What you are asked to do => Return exactly the lines below, starting with the one that has "by (simp add: dexp_def)" and going on through the one that has "using assms by (simp only: Suc".

(Stored data)

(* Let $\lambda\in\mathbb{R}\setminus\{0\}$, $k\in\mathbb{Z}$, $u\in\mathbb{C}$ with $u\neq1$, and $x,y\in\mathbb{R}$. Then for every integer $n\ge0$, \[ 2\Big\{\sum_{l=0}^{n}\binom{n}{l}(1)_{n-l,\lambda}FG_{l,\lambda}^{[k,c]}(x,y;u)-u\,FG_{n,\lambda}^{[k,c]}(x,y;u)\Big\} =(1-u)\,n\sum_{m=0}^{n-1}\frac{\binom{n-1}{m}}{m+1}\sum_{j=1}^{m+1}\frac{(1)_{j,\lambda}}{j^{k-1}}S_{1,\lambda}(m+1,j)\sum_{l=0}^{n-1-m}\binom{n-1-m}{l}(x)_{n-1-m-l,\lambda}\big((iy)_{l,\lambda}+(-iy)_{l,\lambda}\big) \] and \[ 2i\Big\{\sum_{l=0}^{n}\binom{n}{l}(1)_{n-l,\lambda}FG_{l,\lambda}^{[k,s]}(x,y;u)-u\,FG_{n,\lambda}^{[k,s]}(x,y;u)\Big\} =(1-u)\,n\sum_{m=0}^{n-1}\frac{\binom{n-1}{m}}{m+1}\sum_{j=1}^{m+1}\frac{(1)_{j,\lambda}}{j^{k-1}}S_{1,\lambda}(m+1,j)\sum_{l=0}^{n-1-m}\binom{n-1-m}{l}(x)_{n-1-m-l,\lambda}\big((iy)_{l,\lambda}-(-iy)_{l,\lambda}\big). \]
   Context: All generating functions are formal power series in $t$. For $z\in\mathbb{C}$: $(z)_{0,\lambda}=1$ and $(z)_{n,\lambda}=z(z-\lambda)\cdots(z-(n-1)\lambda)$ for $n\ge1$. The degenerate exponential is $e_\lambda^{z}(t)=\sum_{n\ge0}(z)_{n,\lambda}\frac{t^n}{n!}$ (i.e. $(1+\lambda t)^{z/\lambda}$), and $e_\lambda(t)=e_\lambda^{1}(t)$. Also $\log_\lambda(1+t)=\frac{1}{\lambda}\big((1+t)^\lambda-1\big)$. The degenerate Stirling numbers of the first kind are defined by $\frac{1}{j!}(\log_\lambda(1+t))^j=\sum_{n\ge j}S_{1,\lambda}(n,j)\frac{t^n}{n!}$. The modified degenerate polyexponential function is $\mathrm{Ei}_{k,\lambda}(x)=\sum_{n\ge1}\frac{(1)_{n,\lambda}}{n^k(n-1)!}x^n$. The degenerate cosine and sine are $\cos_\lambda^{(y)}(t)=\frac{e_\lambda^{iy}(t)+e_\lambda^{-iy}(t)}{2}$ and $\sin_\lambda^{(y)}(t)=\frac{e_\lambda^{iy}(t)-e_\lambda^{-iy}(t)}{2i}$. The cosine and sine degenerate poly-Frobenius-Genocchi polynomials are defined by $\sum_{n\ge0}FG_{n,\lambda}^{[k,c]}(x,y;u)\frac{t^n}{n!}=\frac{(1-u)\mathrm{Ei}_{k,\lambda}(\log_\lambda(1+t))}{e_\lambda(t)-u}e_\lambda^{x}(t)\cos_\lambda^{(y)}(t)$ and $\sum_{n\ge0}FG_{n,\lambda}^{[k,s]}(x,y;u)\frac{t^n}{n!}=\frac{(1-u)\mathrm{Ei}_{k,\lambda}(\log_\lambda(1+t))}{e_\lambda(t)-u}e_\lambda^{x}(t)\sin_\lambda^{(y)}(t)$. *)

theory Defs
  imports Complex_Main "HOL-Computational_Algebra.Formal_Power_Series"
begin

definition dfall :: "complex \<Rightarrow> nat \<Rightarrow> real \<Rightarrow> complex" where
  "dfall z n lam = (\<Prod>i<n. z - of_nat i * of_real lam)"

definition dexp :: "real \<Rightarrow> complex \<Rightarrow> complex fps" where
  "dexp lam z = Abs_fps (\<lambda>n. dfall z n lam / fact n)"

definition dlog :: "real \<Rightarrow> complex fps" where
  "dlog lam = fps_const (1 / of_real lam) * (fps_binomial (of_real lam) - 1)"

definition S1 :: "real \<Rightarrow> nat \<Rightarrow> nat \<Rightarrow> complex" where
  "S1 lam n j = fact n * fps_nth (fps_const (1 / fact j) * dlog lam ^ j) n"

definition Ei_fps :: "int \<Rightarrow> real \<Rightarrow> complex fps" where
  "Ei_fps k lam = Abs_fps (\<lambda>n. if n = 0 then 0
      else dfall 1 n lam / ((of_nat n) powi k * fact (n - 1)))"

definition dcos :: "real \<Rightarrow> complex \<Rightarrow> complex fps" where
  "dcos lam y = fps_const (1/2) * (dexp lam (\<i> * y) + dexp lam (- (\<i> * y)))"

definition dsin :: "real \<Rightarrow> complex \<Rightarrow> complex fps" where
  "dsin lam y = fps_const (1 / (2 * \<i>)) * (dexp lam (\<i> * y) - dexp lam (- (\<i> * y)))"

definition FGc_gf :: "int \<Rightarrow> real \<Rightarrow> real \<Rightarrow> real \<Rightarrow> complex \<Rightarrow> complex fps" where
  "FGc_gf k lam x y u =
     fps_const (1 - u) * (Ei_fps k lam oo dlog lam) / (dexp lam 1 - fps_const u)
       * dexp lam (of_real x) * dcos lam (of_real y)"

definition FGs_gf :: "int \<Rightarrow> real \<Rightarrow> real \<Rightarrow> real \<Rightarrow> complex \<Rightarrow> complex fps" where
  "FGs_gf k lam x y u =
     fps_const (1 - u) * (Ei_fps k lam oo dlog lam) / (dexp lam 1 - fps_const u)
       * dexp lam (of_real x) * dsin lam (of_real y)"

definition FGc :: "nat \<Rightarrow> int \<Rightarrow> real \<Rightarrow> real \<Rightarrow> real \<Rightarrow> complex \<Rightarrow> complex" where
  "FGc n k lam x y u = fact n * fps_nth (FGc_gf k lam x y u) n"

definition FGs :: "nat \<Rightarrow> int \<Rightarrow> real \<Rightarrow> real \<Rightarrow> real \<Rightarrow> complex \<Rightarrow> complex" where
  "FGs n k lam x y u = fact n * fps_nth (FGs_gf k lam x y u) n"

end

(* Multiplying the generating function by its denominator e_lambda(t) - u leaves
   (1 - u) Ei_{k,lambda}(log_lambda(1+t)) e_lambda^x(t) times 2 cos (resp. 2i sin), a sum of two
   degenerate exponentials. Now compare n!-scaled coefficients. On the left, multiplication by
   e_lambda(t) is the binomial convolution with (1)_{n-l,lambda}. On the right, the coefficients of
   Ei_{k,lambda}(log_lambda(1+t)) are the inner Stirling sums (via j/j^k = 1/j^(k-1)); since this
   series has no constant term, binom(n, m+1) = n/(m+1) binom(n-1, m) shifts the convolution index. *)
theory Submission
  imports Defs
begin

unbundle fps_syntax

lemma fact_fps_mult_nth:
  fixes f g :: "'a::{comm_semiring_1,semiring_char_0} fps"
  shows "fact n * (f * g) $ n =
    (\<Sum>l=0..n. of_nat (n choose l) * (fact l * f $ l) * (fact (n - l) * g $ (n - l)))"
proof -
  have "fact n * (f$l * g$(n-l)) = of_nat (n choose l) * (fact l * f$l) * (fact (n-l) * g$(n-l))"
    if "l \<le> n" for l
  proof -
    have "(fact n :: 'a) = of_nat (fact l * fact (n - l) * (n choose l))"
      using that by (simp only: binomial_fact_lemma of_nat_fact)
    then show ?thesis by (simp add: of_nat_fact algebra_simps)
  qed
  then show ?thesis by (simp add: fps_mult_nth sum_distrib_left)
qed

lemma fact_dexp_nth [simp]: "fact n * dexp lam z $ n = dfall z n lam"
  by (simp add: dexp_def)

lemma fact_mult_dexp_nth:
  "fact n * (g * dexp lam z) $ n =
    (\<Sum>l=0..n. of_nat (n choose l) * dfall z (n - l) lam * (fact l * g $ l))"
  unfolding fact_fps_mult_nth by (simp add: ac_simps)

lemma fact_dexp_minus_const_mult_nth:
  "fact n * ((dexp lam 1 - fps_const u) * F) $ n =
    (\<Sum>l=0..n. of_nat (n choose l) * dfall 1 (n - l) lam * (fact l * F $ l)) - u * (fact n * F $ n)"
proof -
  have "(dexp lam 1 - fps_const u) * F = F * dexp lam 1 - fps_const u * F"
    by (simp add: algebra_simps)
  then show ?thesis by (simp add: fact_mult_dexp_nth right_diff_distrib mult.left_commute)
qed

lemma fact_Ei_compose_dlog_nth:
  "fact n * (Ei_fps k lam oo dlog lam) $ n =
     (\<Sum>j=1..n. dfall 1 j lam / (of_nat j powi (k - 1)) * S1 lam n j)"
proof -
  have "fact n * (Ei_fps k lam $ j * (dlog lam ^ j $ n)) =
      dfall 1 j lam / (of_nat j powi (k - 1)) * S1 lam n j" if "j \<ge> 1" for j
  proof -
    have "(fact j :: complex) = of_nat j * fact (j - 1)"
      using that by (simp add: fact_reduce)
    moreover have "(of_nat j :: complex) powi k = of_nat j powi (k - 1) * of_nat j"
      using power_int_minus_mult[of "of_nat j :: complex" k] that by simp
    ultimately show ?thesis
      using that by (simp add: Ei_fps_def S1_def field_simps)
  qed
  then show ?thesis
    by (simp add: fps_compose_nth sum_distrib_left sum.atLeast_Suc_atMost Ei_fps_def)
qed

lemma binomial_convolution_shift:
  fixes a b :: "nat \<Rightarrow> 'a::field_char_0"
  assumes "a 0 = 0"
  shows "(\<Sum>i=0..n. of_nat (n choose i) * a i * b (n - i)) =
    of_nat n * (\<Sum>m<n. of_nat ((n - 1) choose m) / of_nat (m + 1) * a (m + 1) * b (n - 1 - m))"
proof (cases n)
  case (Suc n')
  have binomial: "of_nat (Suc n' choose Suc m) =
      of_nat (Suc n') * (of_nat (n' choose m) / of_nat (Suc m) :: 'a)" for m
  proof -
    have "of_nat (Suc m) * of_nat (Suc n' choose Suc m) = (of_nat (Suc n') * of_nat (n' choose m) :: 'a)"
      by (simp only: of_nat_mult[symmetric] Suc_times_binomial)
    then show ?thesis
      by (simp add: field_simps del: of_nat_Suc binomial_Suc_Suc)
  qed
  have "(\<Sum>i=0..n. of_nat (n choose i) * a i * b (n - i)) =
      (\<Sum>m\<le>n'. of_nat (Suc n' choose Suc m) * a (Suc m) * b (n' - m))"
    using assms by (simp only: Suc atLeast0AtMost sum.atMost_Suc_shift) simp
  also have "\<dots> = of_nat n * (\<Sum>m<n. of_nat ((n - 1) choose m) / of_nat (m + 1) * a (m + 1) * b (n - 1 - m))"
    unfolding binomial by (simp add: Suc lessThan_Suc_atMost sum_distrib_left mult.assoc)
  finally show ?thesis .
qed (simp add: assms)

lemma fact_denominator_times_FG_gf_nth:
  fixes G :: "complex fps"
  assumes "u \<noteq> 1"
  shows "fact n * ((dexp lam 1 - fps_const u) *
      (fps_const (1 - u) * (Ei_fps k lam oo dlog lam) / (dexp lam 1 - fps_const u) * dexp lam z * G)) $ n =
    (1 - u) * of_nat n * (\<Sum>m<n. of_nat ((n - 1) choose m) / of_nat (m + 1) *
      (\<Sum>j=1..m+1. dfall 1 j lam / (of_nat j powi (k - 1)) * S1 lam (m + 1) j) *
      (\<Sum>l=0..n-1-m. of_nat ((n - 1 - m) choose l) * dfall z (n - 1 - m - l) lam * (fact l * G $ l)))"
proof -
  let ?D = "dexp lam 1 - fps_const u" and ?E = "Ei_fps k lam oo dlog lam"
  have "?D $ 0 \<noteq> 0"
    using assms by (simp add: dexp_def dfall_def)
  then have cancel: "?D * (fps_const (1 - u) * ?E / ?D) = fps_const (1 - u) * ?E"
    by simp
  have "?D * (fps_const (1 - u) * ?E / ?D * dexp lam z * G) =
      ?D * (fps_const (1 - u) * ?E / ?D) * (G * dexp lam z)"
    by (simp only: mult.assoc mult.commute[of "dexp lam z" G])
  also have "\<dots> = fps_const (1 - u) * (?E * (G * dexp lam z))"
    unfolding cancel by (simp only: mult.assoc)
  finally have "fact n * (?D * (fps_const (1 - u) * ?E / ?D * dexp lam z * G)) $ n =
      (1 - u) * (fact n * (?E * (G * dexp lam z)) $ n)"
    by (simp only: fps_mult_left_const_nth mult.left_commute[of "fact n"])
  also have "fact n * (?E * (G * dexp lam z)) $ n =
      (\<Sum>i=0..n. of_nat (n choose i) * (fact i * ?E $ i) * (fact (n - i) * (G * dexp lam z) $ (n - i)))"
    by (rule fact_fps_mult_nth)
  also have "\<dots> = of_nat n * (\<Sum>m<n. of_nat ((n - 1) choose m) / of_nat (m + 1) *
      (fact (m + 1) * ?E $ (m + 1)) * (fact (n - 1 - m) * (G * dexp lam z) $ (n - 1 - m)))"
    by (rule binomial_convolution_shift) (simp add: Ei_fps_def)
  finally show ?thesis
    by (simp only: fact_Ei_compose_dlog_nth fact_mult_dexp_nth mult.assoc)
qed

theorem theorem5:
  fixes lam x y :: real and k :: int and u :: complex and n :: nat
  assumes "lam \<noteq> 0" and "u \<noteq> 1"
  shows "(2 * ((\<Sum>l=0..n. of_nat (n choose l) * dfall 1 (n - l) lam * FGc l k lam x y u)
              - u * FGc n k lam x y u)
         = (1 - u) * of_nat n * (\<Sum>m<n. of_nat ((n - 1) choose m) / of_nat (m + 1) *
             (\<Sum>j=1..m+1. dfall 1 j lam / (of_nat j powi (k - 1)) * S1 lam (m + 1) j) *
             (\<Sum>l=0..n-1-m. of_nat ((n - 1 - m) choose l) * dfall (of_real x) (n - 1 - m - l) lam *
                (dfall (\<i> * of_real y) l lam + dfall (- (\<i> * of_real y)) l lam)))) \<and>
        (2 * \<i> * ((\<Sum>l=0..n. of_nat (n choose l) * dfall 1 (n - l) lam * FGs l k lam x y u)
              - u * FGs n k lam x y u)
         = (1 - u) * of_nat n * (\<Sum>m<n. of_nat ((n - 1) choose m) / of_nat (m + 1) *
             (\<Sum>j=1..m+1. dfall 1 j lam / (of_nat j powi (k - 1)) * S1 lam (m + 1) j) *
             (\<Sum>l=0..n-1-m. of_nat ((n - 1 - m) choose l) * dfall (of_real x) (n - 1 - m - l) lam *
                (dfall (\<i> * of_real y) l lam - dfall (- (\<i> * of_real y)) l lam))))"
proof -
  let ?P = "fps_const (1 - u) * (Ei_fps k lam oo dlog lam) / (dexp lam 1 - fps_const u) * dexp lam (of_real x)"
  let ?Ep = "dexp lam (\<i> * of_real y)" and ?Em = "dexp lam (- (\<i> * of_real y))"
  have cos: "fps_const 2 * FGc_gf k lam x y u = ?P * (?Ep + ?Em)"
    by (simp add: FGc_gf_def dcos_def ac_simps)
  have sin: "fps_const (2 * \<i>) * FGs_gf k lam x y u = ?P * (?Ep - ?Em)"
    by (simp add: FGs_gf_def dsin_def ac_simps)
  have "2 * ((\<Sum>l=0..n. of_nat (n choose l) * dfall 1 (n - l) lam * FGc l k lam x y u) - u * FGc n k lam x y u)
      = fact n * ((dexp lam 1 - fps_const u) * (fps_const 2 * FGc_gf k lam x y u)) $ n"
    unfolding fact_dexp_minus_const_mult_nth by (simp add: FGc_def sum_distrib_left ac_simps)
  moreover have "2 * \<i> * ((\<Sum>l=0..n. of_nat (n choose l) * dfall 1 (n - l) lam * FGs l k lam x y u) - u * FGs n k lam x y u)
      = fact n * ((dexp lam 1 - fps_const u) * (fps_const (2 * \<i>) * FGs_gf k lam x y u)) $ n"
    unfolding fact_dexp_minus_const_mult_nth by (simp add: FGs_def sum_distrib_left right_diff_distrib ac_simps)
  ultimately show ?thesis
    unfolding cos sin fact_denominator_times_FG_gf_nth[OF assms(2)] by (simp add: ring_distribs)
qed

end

Result of this task =>
  by (simp add: dexp_def)

lemma fact_mult_dexp_nth:
  "fact n * (g * dexp lam z) $ n =
    (\<Sum>l=0..n. of_nat (n choose l) * dfall z (n - l) lam * (fact l * g $ l))"
  unfolding fact_fps_mult_nth by (simp add: ac_simps)

lemma fact_dexp_minus_const_mult_nth:
  "fact n * ((dexp lam 1 - fps_const u) * F) $ n =
    (\<Sum>l=0..n. of_nat (n choose l) * dfall 1 (n - l) lam * (fact l * F $ l)) - u * (fact n * F $ n)"
proof -
  have "(dexp lam 1 - fps_const u) * F = F * dexp lam 1 - fps_const u * F"
    by (simp add: algebra_simps)
  then show ?thesis by (simp add: fact_mult_dexp_nth right_diff_distrib mult.left_commute)
qed

lemma fact_Ei_compose_dlog_nth:
  "fact n * (Ei_fps k lam oo dlog lam) $ n =
     (\<Sum>j=1..n. dfall 1 j lam / (of_nat j powi (k - 1)) * S1 lam n j)"
proof -
  have "fact n * (Ei_fps k lam $ j * (dlog lam ^ j $ n)) =
      dfall 1 j lam / (of_nat j powi (k - 1)) * S1 lam n j" if "j \<ge> 1" for j
  proof -
    have "(fact j :: complex) = of_nat j * fact (j - 1)"
      using that by (simp add: fact_reduce)
    moreover have "(of_nat j :: complex) powi k = of_nat j powi (k - 1) * of_nat j"
      using power_int_minus_mult[of "of_nat j :: complex" k] that by simp
    ultimately show ?thesis
      using that by (simp add: Ei_fps_def S1_def field_simps)
  qed
  then show ?thesis
    by (simp add: fps_compose_nth sum_distrib_left sum.atLeast_Suc_atMost Ei_fps_def)
qed

lemma binomial_convolution_shift:
  fixes a b :: "nat \<Rightarrow> 'a::field_char_0"
  assumes "a 0 = 0"
  shows "(\<Sum>i=0..n. of_nat (n choose i) * a i * b (n - i)) =
    of_nat n * (\<Sum>m<n. of_nat ((n - 1) choose m) / of_nat (m + 1) * a (m + 1) * b (n - 1 - m))"
proof (cases n)
  case (Suc n')
  have binomial: "of_nat (Suc n' choose Suc m) =
      of_nat (Suc n') * (of_nat (n' choose m) / of_nat (Suc m) :: 'a)" for m
  proof -
    have "of_nat (Suc m) * of_nat (Suc n' choose Suc m) = (of_nat (Suc n') * of_nat (n' choose m) :: 'a)"
      by (simp only: of_nat_mult[symmetric] Suc_times_binomial)
    then show ?thesis
      by (simp add: field_simps del: of_nat_Suc binomial_Suc_Suc)
  qed
  have "(\<Sum>i=0..n. of_nat (n choose i) * a i * b (n - i)) =
      (\<Sum>m\<le>n'. of_nat (Suc n' choose Suc m) * a (Suc m) * b (n' - m))"
    using assms by (simp only: Suc atLeast0AtMost sum.atMost_Suc_shift) simp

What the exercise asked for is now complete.